Functions of the abrem package provide an application layer for entering life data, selecting various options for the treatment of that data, generation of a graphical display, and presenting meaningful statistical output in a legend. This application layer is executed in the R console, based on scripts that are likely prepared in a separate editor.

Package abrem makes use of the R object model to prepare objects for plotted output. Various options are handled to extend the object with parametric fitting, preparation of confidence interval bounds, and preparation of the graphical output.

Using abrem with defaults for 2-parameter Weibull plotting

Preliminary steps for using abrem involve installing the package and its dependencies into your R system. This topic is discussed separately in the How-To page. 

For a rapid Weibull 2-parameter fit and display, an object is constructed using the Abrem() function on the data of interest. Then a fit element is added using object method abrem.fit(). This object can then be plotted with the R function plot(). To demonstrate this simple use, the initial problem sets from Chapter 2 of “The New Weibull Handbook” are shown below. 

 

For each example copy the code script in the gray shaded area and paste it into the R Console to execute and view as intended.

library(abrem)
Prob2.1Data<-c(150,85,250,240,135,200,190) 
Prob2.1Object<-Abrem(Prob2.1Data)
Prob2.1Object<-abrem.fit(Prob2.1Object)
plot(Prob2.1Object, main="Problem 2-1")

This is a first, simple, plotting example. In the script above the first line merely assures that the abrem package and all its dependencies have been loaded in this R session. 

The second line places the example data into a vector. 

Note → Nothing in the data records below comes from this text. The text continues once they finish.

lemma energy_decrease: "energy (Suc k) + c_dec * step_len k ^ 2 \<le> energy k"
proof -
  have "(beta k * step_len k) ^ 2 \<le> (beta_max * step_len k) ^ 2"
    using beta_bounds[of k] step_len_nonneg[of k] by (intro power_mono mult_right_mono) auto
  hence "L / 2 * (beta k * step_len k) ^ 2 \<le> L / 2 * step_len k ^ 2 - c_dec * step_len k ^ 2"
    unfolding c_dec_def using L_pos by (simp add: power_mult_distrib algebra_simps)
  thus ?thesis using F_step[of k] unfolding energy_def by linarith
qed

lemma energy_Suc_le: "energy (Suc k) \<le> energy k"
  using energy_decrease[of k] c_dec_pos by (smt (verit) mult_nonneg_nonneg zero_le_power2)

lemma F_xk_le_F_x0: "F (xk k) \<le> F x0"
proof -
  have "decseq energy" using energy_Suc_le by (simp add: decseq_SucI)
  hence "energy k \<le> energy 0" by (simp add: decseq_def)
  moreover have "energy 0 = F x0 - Fmin" unfolding energy_def step_len_def using state_0 by simp
  moreover have "0 \<le> L / 2 * step_len k ^ 2" using L_pos by simp
  ultimately show ?thesis unfolding energy_def by linarith
qed

lemma step_len_tendsto_0: "step_len \<longlonglongrightarrow> 0"
proof -
  have "decseq energy" using energy_Suc_le by (simp add: decseq_SucI)
  then obtain l where l: "energy \<longlonglongrightarrow> l"
    using decseq_convergent[of energy 0] energy_nonneg by blast
  have "(\<lambda>k. (energy k - energy (Suc k)) / c_dec) \<longlonglongrightarrow> (l - l) / c_dec"
    by (intro tendsto_intros l LIMSEQ_Suc) (use c_dec_pos in simp)
  hence lim: "(\<lambda>k. (energy k - energy (Suc k)) / c_dec) \<longlonglongrightarrow> 0" by simp
  have "(\<lambda>k. step_len k ^ 2) \<longlonglongrightarrow> 0"
  proof (rule tendsto_sandwich[OF _ _ tendsto_const lim])
    show "\<forall>\<^sub>F k in sequentially. 0 \<le> step_len k ^ 2" by simp
    show "\<forall>\<^sub>F k in sequentially. step_len k ^ 2 \<le> (energy k - energy (Suc k)) / c_dec"
      using energy_decrease c_dec_pos by (simp add: field_simps)
  qed
  hence "(\<lambda>k. sqrt (step_len k ^ 2)) \<longlonglongrightarrow> sqrt 0" by (rule tendsto_real_sqrt)
  thus ?thesis using step_len_nonneg by simp
qed

lemma T_residual_le: "norm (T (xk k) - xk k) \<le> 2 * step_len k + step_len (Suc k)"
proof -
  have "norm (T (xk k) - xk k) \<le> norm (T (xk k) - T (yk k)) + norm (T (yk k) - xk k)"
    using norm_triangle_ineq[of "T (xk k) - T (yk k)" "T (yk k) - xk k"] by simp
  also have "norm (T (xk k) - T (yk k)) \<le> 2 * norm (xk k - yk k)" by (rule T_lipschitz)
  also have "norm (xk k - yk k) \<le> step_len k"
    using norm_yk_diff_le[of k] by (simp add: norm_minus_commute)
  also have "T (yk k) = xk (Suc k)" using state_Suc by simp
  finally show ?thesis by (simp add: step_len_Suc)
qed

text \<open>Sufficient decrease with \<open>z\<close> a point of \<open>X\<close> nearest to \<open>x\<^sub>k\<close>.\<close>
lemma energy_le_step_lens:
  assumes \<tau>: "0 < \<tau>" and dist: "infdist (xk k) X \<le> \<tau> * (2 * step_len k + step_len (Suc k))"
  shows "energy (Suc k) \<le> (2 * L * (1 + 2 * \<tau>) + L) * (step_len k ^ 2 + step_len (Suc k) ^ 2)"
proof -
  define a b where "a = step_len k" "b = step_len (Suc k)"
  have a: "0 \<le> a" and b: "0 \<le> b" unfolding a_b_def by (simp_all add: step_len_nonneg)
  obtain xb where xb: "xb \<in> X" "infdist (xk k) X = dist (xk k) xb"
    using infdist_attains_inf[OF closed_X] xm_in_X by blast
  define p y x where "p = xk (Suc k)" "y = yk k" "x = xk k"
  have "norm (y - xb) \<le> norm (y - x) + norm (x - xb)"
    using norm_triangle_ineq[of "y - x" "x - xb"] by simp
  also have "\<dots> \<le> a + \<tau> * (2 * a + b)"
    using norm_yk_diff_le[of k] dist xb(2) unfolding p_y_x_def a_b_def by (simp add: dist_norm)
  also have "\<dots> \<le> (1 + 2 * \<tau>) * (a + b)" using a b \<tau> by (simp add: algebra_simps)
  finally have yxb: "norm (y - xb) \<le> (1 + 2 * \<tau>) * (a + b)" .
  have "norm (p - y) \<le> norm (p - x) + norm (x - y)"
    using norm_triangle_ineq[of "p - x" "x - y"] by simp
  hence py: "norm (p - y) \<le> a + b"
    using norm_yk_diff_le[of k] unfolding p_y_x_def a_b_def step_len_Suc
    by (simp add: norm_minus_commute)
  have "L / 2 * norm (p - y) ^ 2 + L * inner (y - xb) (p - y) \<le> Fmin - F p"
    using T_sufficient_decrease[of xb y] X_iff[of xb] xb(1) state_Suc unfolding p_y_x_def by simp
  moreover have "0 \<le> L / 2 * norm (p - y) ^ 2" using L_pos by simp
  moreover have "- (L * inner (y - xb) (p - y)) = L * inner (xb - y) (p - y)"
    by (simp add: inner_diff_left algebra_simps)
  ultimately have "F p - Fmin \<le> L * inner (xb - y) (p - y)" by linarith
  also have "\<dots> \<le> L * (norm (y - xb) * norm (p - y))"
    using norm_cauchy_schwarz[of "xb - y" "p - y"] L_pos
    by (simp add: norm_minus_commute mult_left_mono)
  also have "\<dots> \<le> L * ((1 + 2 * \<tau>) * (a + b) * (a + b))"
    using yxb py L_pos \<tau> a b by (intro mult_left_mono mult_mono) auto
  also have "\<dots> \<le> L * ((1 + 2 * \<tau>) * (2 * (a ^ 2 + b ^ 2)))"
  proof -
    have "(a + b) * (a + b) \<le> 2 * (a ^ 2 + b ^ 2)"
      using sum_squares_bound[of a b] by (simp add: power2_eq_square algebra_simps)
    thus ?thesis using L_pos \<tau> by (intro mult_left_mono) (auto simp: mult.assoc)
  qed
  finally have "F p - Fmin \<le> 2 * L * (1 + 2 * \<tau>) * (a ^ 2 + b ^ 2)" by (simp add: algebra_simps)
  moreover have "L / 2 * b ^ 2 \<le> L * (a ^ 2 + b ^ 2)" using L_pos by (simp add: mult_left_mono)
  ultimately show ?thesis unfolding energy_def a_b_def p_y_x_def by (simp add: algebra_simps)
qed

lemma energy_two_step_contraction:
  assumes "0 < C" "energy (Suc k) \<le> C * (step_len k ^ 2 + step_len (Suc k) ^ 2)"
  shows "energy (Suc (Suc k)) \<le> C / (c_dec + C) * energy k"
proof -
  have "c_dec * energy (Suc k) \<le> C * (c_dec * step_len k ^ 2 + c_dec * step_len (Suc k) ^ 2)"
    using mult_left_mono[OF assms(2), of c_dec] c_dec_pos by (simp add: algebra_simps)
  also have "\<dots> \<le> C * ((energy k - energy (Suc k)) + (energy (Suc k) - energy (Suc (Suc k))))"
    using energy_decrease[of k] energy_decrease[of "Suc k"] assms(1)
    by (intro mult_left_mono add_mono) auto
  finally have "c_dec * energy (Suc k) \<le> C * (energy k - energy (Suc (Suc k)))" by simp
  moreover have "c_dec * energy (Suc (Suc k)) \<le> c_dec * energy (Suc k)"
    using energy_Suc_le c_dec_pos by (intro mult_left_mono) auto
  ultimately have "(c_dec + C) * energy (Suc (Suc k)) \<le> C * energy k" by (simp add: algebra_simps)
  thus ?thesis using c_dec_pos assms(1) by (simp add: field_simps)
qed

end


locale fista_eb = fista_opt +
  assumes error_bound: "\<exists>\<epsilon>>0. \<exists>\<tau>>0. \<forall>x. norm (T x - x) < \<epsilon> \<and> ereal (f x) + g x \<le> ereal (F x0)
                           \<longrightarrow> infdist x X \<le> \<tau> * norm (T x - x)"
begin

lemma eventually_error_bound:
  "\<exists>\<tau>>0. \<exists>N. \<forall>k\<ge>N. infdist (xk k) X \<le> \<tau> * (2 * step_len k + step_len (Suc k))"
proof -
  obtain \<epsilon> \<tau> where "\<epsilon> > 0" "\<tau> > 0"
    and eb: "\<And>x. norm (T x - x) < \<epsilon> \<Longrightarrow> ereal (f x) + g x \<le> ereal (F x0)
               \<Longrightarrow> infdist x X \<le> \<tau> * norm (T x - x)"
    using error_bound by blast
  have "(\<lambda>k. 2 * step_len k + step_len (Suc k)) \<longlonglongrightarrow> 2 * 0 + 0"
    by (intro tendsto_intros step_len_tendsto_0 LIMSEQ_Suc)
  then obtain N where N: "\<And>k. k \<ge> N \<Longrightarrow> 2 * step_len k + step_len (Suc k) < \<epsilon>"
    using order_tendstoD(2)[of _ 0 sequentially \<epsilon>] \<open>\<epsilon> > 0\<close> by (auto simp: eventually_sequentially)
  have "infdist (xk k) X \<le> \<tau> * (2 * step_len k + step_len (Suc k))" if "k \<ge> N" for k
  proof -
    have "infdist (xk k) X \<le> \<tau> * norm (T (xk k) - xk k)"
      using eb N[OF that] T_residual_le[of k] F_xk_le_F_x0[of k] ereal_F[OF xk_in_dom[of k]] by force
    also have "\<dots> \<le> \<tau> * (2 * step_len k + step_len (Suc k))"
      using T_residual_le[of k] \<open>\<tau> > 0\<close> by (intro mult_left_mono) auto
    finally show ?thesis .
  qed
  with \<open>\<tau> > 0\<close> show ?thesis by blast
qed

lemma energy_R_linear: "\<exists>M q N. 0 \<le> M \<and> 0 < q \<and> q < 1 \<and> (\<forall>k\<ge>N. energy k \<le> M * q ^ k)"
proof -
  obtain \<tau> N where "\<tau> > 0"
    and dist: "\<And>k. k \<ge> N \<Longrightarrow> infdist (xk k) X \<le> \<tau> * (2 * step_len k + step_len (Suc k))"
    using eventually_error_bound by blast
  define C where "C = 2 * L * (1 + 2 * \<tau>) + L"
  have "C > 0" unfolding C_def using L_pos \<open>\<tau> > 0\<close> by (simp add: add_pos_pos)
  have "energy (Suc (Suc k)) \<le> C / (c_dec + C) * energy k" if "k \<ge> N" for k
    using energy_two_step_contraction[OF \<open>C > 0\<close>]
      energy_le_step_lens[OF \<open>\<tau> > 0\<close> dist[OF that], folded C_def] by blast
  moreover have "0 < C / (c_dec + C)" "C / (c_dec + C) < 1" using \<open>C > 0\<close> c_dec_pos by auto
  ultimately show ?thesis
    using geometric_bound_if_two_step_contraction[of energy, OF energy_nonneg energy_Suc_le] by blast
qed

lemma F_xk_R_linear: "limsup (\<lambda>k. ereal (root k \<bar>F (xk k) - Fmin\<bar>)) < 1"
proof -
  obtain M q N where "0 < q" "q < 1" and M: "\<And>k. k \<ge> N \<Longrightarrow> energy k \<le> M * q ^ k"
    using energy_R_linear by blast
  show ?thesis
  proof (rule limsup_root_less_1_if_geometric_bound[OF _ \<open>0 < q\<close> \<open>q < 1\<close>])
    fix k assume "N \<le> k"
    have "\<bar>F (xk k) - Fmin\<bar> \<le> energy k"
      using Fmin_le[OF xk_in_dom[of k]] L_pos unfolding energy_def by simp
    thus "0 \<le> \<bar>F (xk k) - Fmin\<bar> \<and> \<bar>F (xk k) - Fmin\<bar> \<le> M * q ^ k"
      using M[OF \<open>N \<le> k\<close>] by simp
  qed
qed

lemma xk_convergent_R_linear: "\<exists>l. xk \<longlonglongrightarrow> l \<and> limsup (\<lambda>k. ereal (root k (norm (xk k - l)))) < 1"
proof -
  obtain M q N where "0 \<le> M" "0 < q" "q < 1" and M: "\<And>k. k \<ge> N \<Longrightarrow> energy k \<le> M * q ^ k"
    using energy_R_linear by blast
  define B where "B = sqrt (2 * M / L)"
  have "norm (xk (Suc j) - xk j) \<le> B * sqrt q ^ j" if "j \<ge> N" for j
  proof -
    have "L / 2 * step_len (Suc j) ^ 2 \<le> energy (Suc j)"
      using Fmin_le[OF xk_in_dom] unfolding energy_def by simp
    also have "\<dots> \<le> energy j" by (rule energy_Suc_le)
    also have "\<dots> \<le> M * q ^ j" using M[OF that] .
    finally have "step_len (Suc j) ^ 2 \<le> 2 * M / L * q ^ j" using L_pos by (simp add: field_simps)
    hence "sqrt (step_len (Suc j) ^ 2) \<le> sqrt (2 * M / L * q ^ j)" by (rule real_sqrt_le_mono)
    also have "\<dots> = B * sqrt q ^ j" unfolding B_def by (simp only: real_sqrt_mult real_sqrt_power)
    finally show ?thesis unfolding step_len_Suc[symmetric] using step_len_nonneg by simp
  qed
  then obtain l where "xk \<longlonglongrightarrow> l"
    and tail: "\<And>k. k \<ge> N \<Longrightarrow> norm (xk k - l) \<le> B / (1 - sqrt q) * sqrt q ^ k"
    using R_linear_limit_if_geometric_increments[of "sqrt q" N xk B] \<open>0 < q\<close> \<open>q < 1\<close> by auto
  moreover have "limsup (\<lambda>k. ereal (root k (norm (xk k - l)))) < 1"
    using tail \<open>0 < q\<close> \<open>q < 1\<close>
    by (intro limsup_root_less_1_if_geometric_bound[where N=N and M="B / (1 - sqrt q)" and q="sqrt q"]) auto
  ultimately show ?thesis by blast
qed

lemma limit_in_X:
  assumes "xk \<longlonglongrightarrow> l"
  shows "l \<in> X"
proof -
  obtain \<tau> N where dist: "\<And>k. k \<ge> N \<Longrightarrow> infdist (xk k) X \<le> \<tau> * (2 * step_len k + step_len (Suc k))"
    using eventually_error_bound by blast
  have "(\<lambda>k. \<tau> * (2 * step_len k + step_len (Suc k))) \<longlonglongrightarrow> \<tau> * (2 * 0 + 0)"
    by (intro tendsto_intros step_len_tendsto_0 LIMSEQ_Suc)
  hence lim: "(\<lambda>k. \<tau> * (2 * step_len k + step_len (Suc k))) \<longlonglongrightarrow> 0" by simp
  have "(\<lambda>k. infdist (xk k) X) \<longlonglongrightarrow> 0"
  proof (rule tendsto_sandwich[OF _ _ tendsto_const lim])
    show "\<forall>\<^sub>F k in sequentially. 0 \<le> infdist (xk k) X" by (simp add: infdist_nonneg)
    show "\<forall>\<^sub>F k in sequentially. infdist (xk k) X \<le> \<tau> * (2 * step_len k + step_len (Suc k))"
      using dist by (rule eventually_sequentiallyI)
  qed
  moreover have "(\<lambda>k. infdist (xk k) X) \<longlonglongrightarrow> infdist l X" by (intro tendsto_infdist assms)
  ultimately have "infdist l X = 0" using LIMSEQ_unique by blast
  thus ?thesis using in_closure_iff_infdist_zero[of X l] xm_in_X closed_X by (auto simp: closure_closed)
qed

The third line uses function Abrem() to construct an abrem object from the data. The Abrem function has been designed for some flexibility of data input. In this case, a single numeric vector has been passed as the first argument, so it is taken to be a set of complete failure times. This initial object could have been plotted at this point and one would observe the points, only, plotted on the default canvas for a Weibull analysis. Since we are using the default options.abrem list, the plotting distribution is “weibull2p”, and the plotting positions have been determined using the beta binomial function for most technically accurate median rank positions. These positions are minimally different than the Benard approximation method used in the “Handbook” text.

The fourth line of the script adds a fit of the data into the abrem object using the abrem.fit() method on the object. According to defaults of the options.abrem list, this fit is by rank regression using the preferred X on Y ordering convention.

Finally, the fifth line plots the object based on the exposed elements of the abrem object, which has been provided as a first argument to the plot() function. In this case the main title of the chart has been specified. Upon execution of this line an R Graphics Device window is opened with the resulting display.

Now consider example Problem 2-2 from the text:

library(abrem)
Serials<-c(831,832,833,834,835,836,837,838)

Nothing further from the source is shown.